Add to that James' (as well as director Dylan Reynolds') bizarre decision to make Jackson a bit of a mumbler when delivering his lines. It wasn't so much that one couldn't understand what he was saying so much as if even HE looked bored being there. Imagine how we felt. His mumbled delivery might have been an effort to be more...artsy, perhaps...but it only proved more aggravating. At first I thought his name was Tom, then Bob, before FINALLY finding it was Jackson.
That is in regards to James as an actor. James as a screenwriter proved equally inept. I kept wondering how he kept finding all these freaky women, or why he would never stop to reject them, or set things up better. Take for example when he is looking at pictures a one-night stand took of herself and 'the naked Mexican' he had seen. Let's leave aside for a moment that Jackson apparently found it easy to find that said one-night stand who had taken his camera. He's looking at the pictures (which would have ended up in the Deleted Scenes from a bad, really bad, comedy) while driving. I actually thought that he should have pulled over (the logical thing to do). No, as expected he crashes.
There has to be something wrong in a film when for the rest of the movie, you wonder more about the car than the driver. There has to be something wrong in a film when for the rest of the movie, you're thinking about how he filed the insurance claim, or if he had insurance, or any injuries, than whether he ends up with the girl he appears to love but spends a great deal of energy yelling at and being yelled at by. In fact, I was surprised that after the accident, Jackson was no more worse for wear.
Finally, I would offer my advise to Matthew James in terms of script writing: DON'T copy Saturday Night Fever AND make it obvious you're doing so.
At the end of Nipples and Palm Trees, I wondered whether all southern Californians were this sexually deviant? I don't remember seeing all this shenanigans when I went there last. Granted, I was in WASPy Anaheim, so maybe I didn't get the full tour. Still, for a film that wants us to care about this man's search for true love in a land of endless and easy and bizarre sex, Nipple and Palm Trees only showcases just how horrible people are, how the temporary (though pleasurable) sexual sensation trumps everything else.

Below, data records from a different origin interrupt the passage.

theorem mainTheorem11:
  fixes \<phi> :: "real \<Rightarrow> real" and \<gamma> H :: real
    and n m d :: nat and x :: "nat \<Rightarrow> nat \<Rightarrow> real" and y :: "nat \<Rightarrow> real"
    and a :: "nat \<Rightarrow> real" and \<alpha> \<omega> \<delta> :: real
  defines "f \<equiv> net \<phi> a m d"
    and "L \<equiv> emp_loss \<phi> a m d n x y"
    and "G \<equiv> emp_G \<phi> a m d n x y"
    and "Rmx \<equiv> Rmax n d x" and "Rmn \<equiv> Rmin n d x"
    and "R \<equiv> Rmax n d x / Rmin n d x"
    and "CR \<equiv> 10 * (Rmax n d x / Rmin n d x)\<^sup>2 / \<gamma>\<^sup>2 + 10"
    and "M \<equiv> init_measure m d \<omega>"
  assumes phi: "leaky_smooth \<phi> \<gamma> H" and gam: "0 < \<gamma>"
    and n: "1 \<le> n" and m: "1 \<le> m" and d: "1 \<le> d"
    and y: "\<forall>i<n. y i = 1 \<or> y i = -1"
    and a: "\<forall>j<m. a j = 1 / sqrt (real m) \<or> a j = - 1 / sqrt (real m)"
    and xnz: "\<forall>i<n. vnorm d (x i) \<noteq> 0"
    and alpha: "0 < \<alpha>" and omega: "0 < \<omega>"
    and delta: "0 < \<delta>" "\<delta> < 1"
  shows
   "(\<alpha> \<le> \<gamma>\<^sup>2 / (5 * real n * Rmx\<^sup>2 * R\<^sup>2 * CR * max 1 H)
      \<and> \<omega> \<le> \<alpha> * \<gamma>\<^sup>2 * Rmn / (72 * R * CR * real n * sqrt (real m * real d * ln (4 * real m / \<delta>)))
      \<longrightarrow> measure M {W \<in> space M. \<forall>i<n. \<forall>j<n.
              exp (- (y i * f W (x i))) / exp (- (y j * f W (x j))) \<le> exp 2} \<ge> 1 - \<delta>)
  \<and> (\<forall>W0 t C'. C' > 1
      \<and> (\<forall>i<n. \<forall>j<n. gfun (y i * f (gd L \<alpha> W0 t) (x i)) / gfun (y j * f (gd L \<alpha> W0 t) (x j)) \<le> C')
      \<and> (\<forall>k<n. \<forall>i<n. i \<noteq> k \<longrightarrow>
            (vnorm d (x k))\<^sup>2 \<ge> 2 / \<gamma>\<^sup>2 * C' * real n * \<bar>ip d (x i) (x k)\<bar>)
      \<and> \<alpha> * (2 * H * C' * R\<^sup>2 * Rmx\<^sup>2 * real n) \<le> \<gamma>\<^sup>2
      \<longrightarrow> (\<forall>k<n. y k * (f (gd L \<alpha> W0 (Suc t)) (x k) - f (gd L \<alpha> W0 t) (x k))
              \<ge> \<alpha> * \<gamma>\<^sup>2 * Rmn\<^sup>2 / (4 * C' * real n) * G (gd L \<alpha> W0 t)))
  \<and> ((\<forall>k<n. \<forall>i<n. i \<noteq> k \<longrightarrow>
            (vnorm d (x k))\<^sup>2 \<ge> 8 / \<gamma>\<^sup>2 * real n * \<bar>ip d (x i) (x k)\<bar>)
      \<and> \<alpha> \<le> \<gamma>\<^sup>2 / (5 * real n * Rmx\<^sup>2 * R\<^sup>2 * CR * max 1 H)
      \<and> \<omega> \<le> \<alpha> * \<gamma>\<^sup>2 * Rmn / (72 * R * CR * real n * sqrt (real m * real d * ln (4 * real m / \<delta>)))
      \<longrightarrow> measure M {W \<in> space M. \<forall>k<n. y k * f (gd L \<alpha> W 1) (x k) > 0} \<ge> 1 - \<delta>)"
proof -
  interpret two_layer_net \<phi> \<gamma> H n m d x y a
    using phi gam n m y a xnz by unfold_locales
  have gd_one: "gd (emp_loss \<phi> a m d n x y) \<alpha> W 1 = step \<alpha> W" for W
    using gd_Suc_eq_step[of \<alpha> W 0] by simp
  show ?thesis
    unfolding f_def L_def G_def Rmx_def Rmn_def R_def CR_def M_def gd_one gd_Suc_eq_step
    by (intro conjI impI allI; elim conjE)
      (rule prob_loss_ratio_le_exp2[OF alpha omega delta] margin_increment_ge[OF alpha]
        prob_positive_margin_after_step[OF alpha omega delta]; (assumption | linarith))+
qed

end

I think the best way I can describe what I thought of Nipples and Palm Trees is thus: the movie ended, I took it out of the DVD player, I opened a window, and flung it out of said window.
For the longest time I had a particular film dominate the Number One Spot for the Worst Film of 2012 I'd seen. From the time I saw it to nearly the end of the year, nothing had been able to shift it. Well, at last, near the end of the year, that particular film has finally fallen to something else. I'd rather watch that particular film to Nipples and Palm Trees.
Nipples and Palm Trees may well put me off sex.
Nipples and Palm Trees is a Film that Will Live in My Nightmares.